Gardasil gets FDA nod for cervical cancer

USA-based pharmaceutical major Merck & Co's cervical cancer vaccine Gardasil (recombinant quadrivalent human papillomavirus; Types 6, 11, 16, 18 is one step closer to approval after the Food and Drug Administration's Vaccines and Related Biological Products Advisory Committee unanimously voted that it is safe and effective.

The FDA committee agreed that Phase II and III trial data supports the agent's approval for the prevention of precancers and other cervical, vulvar and vaginal lesions caused by HPV types 6, 11, 16 and 18, including genital warts. Its guidance will be considered by the agency in its review of Merck's December 2005 Biologics License Application, with a June 8 action date. The firm noted that the agency will consider the committee's opinion but is not bound by it.

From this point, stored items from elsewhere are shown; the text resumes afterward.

lemma is_scheme_message_length:
  assumes "is_scheme K a b B m L phi psi mu" and "W \<in> file_configs (K * (a + b)) B"
    and "d \<in> demands K a b"
  shows "length (psi d W) = L"
  using assms unfolding is_scheme_def by blast

lemma is_scheme_decodes:
  assumes "is_scheme K a b B m L phi psi mu" and "W \<in> file_configs (K * (a + b)) B"
    and "d \<in> demands K a b" and "k \<in> {1..K}"
  shows "mu k d (phi k W) (psi d W) = W (d k)"
  using assms unfolding is_scheme_def by blast

lemma odd_user_recovers_window_file:
  assumes scheme: "is_scheme K a b B m L phi psi mu" and "2 * t < K" and "a \<ge> 1"
    and g: "g \<in> PiE (odd_window_files a b t) (\<lambda>_. {xs. length xs = B})"
    and "i < t" and "j < 2 * a + b"
  defines "W \<equiv> pad_files (odd_window_files a b t) (K * (a + b)) B g"
  shows "g (2 * i * (a + b) + j + 1)
           = mu (2 * i + 1) (window_demand K a b j) (phi (2 * i + 1) W) (psi (window_demand K a b j) W)"
proof -
  let ?f = "2 * i * (a + b) + j + 1"
  have "W \<in> file_configs (K * (a + b)) B"
    unfolding W_def using pad_files_in_file_configs odd_window_files_bound[OF assms(2)] g by blast
  then have "mu (2 * i + 1) (window_demand K a b j) (phi (2 * i + 1) W) (psi (window_demand K a b j) W)
               = W (window_demand K a b j (2 * i + 1))"
    using is_scheme_decodes[OF scheme] window_demand_in_demands[OF assms(6,3)] assms(2,5) by simp
  also have "window_demand K a b j (2 * i + 1) = ?f"
    using window_demand_odd_user[of i K] assms(2,5) by simp
  also have "?f \<in> odd_window_files a b t"
    using assms(5,6) by (auto simp: odd_window_files_def)
  then have "W ?f = g ?f" by (simp add: W_def pad_files_def)
  finally show ?thesis by simp
qed

lemma scheme_cut_set_bound:
  assumes scheme: "is_scheme K a b B m L phi psi mu" and "2 * t < K" and "a \<ge> 1"
  shows "B * (t * (2 * a + b)) \<le> m * t + L * (2 * a + b)"
proof -
  define n where "n = 2 * a + b"
  define F where "F = odd_window_files a b t"
  define G where "G = PiE F (\<lambda>_. {xs :: bool list. length xs = B})"
  define W where "W g = pad_files F (K * (a + b)) B g" for g
  define E where "E g = (map (\<lambda>i. phi (2 * i + 1) (W g)) [0..<t],
                          map (\<lambda>j. psi (window_demand K a b j) (W g)) [0..<n])" for g
  have decode: "g (2 * i * (a + b) + j + 1) = mu (2 * i + 1) (window_demand K a b j)
                  (fst (E g) ! i) (snd (E g) ! j)"
    if "g \<in> G" "i < t" "j < n" for g i j
    using odd_user_recovers_window_file[OF scheme assms(2,3)] that
    unfolding E_def W_def F_def G_def n_def by simp
  have injective: "inj_on E G"
  proof (rule inj_onI, rule ext)
    fix g g' f assume g: "g \<in> G" and g': "g' \<in> G" and same: "E g = E g'"
    show "g f = g' f"
    proof (cases "f \<in> F")
      case True
      then obtain i j where "i < t" "j < n" "f = 2 * i * (a + b) + j + 1"
        by (auto simp: F_def odd_window_files_def n_def)
      then show ?thesis using decode[OF g] decode[OF g'] same by simp
    next
      case False
      then show ?thesis
        using PiE_arb[OF g[unfolded G_def] False] PiE_arb[OF g'[unfolded G_def] False] by simp
    qed
  qed
  have range: "E ` G \<subseteq> {ys. set ys \<subseteq> {y. length y = m} \<and> length ys = t}
                         \<times> {zs. set zs \<subseteq> {z. length z = L} \<and> length zs = n}"
  proof (rule image_subsetI)
    fix g assume "g \<in> G"
    then have "W g \<in> file_configs (K * (a + b)) B"
      unfolding W_def F_def G_def
      using pad_files_in_file_configs odd_window_files_bound[OF assms(2)] by blast
    then show "E g \<in> {ys. set ys \<subseteq> {y. length y = m} \<and> length ys = t}
                         \<times> {zs. set zs \<subseteq> {z. length z = L} \<and> length zs = n}"
      using is_scheme_cache_length[OF scheme] is_scheme_message_length[OF scheme]
        window_demand_in_demands[OF _ assms(3)] assms(2)
      unfolding E_def n_def by auto
  qed
  have "finite F" by (simp add: F_def odd_window_files_def)
  then have "B * card F \<le> m * t + L * n"
    using injective_encoding_bits_bound injective range unfolding G_def by blast
  then show ?thesis by (simp add: F_def card_odd_window_files n_def)
qed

The investigational vaccine targets the world's most prevalent sexually-transmitted disease and has an annual US market potential of $2.0 billion. It is a key product for the firm, which is facing law suits over its withdrawn painkiller Vioxx (rofecoxib). However, industry observers fear that Merck's plan to have Gardasil made mandatory for school admission will be opposed by America's conservative Right. Christian lobby groups, in particular, believe that the STD vaccine could create a false sense of security and lead to promiscuity.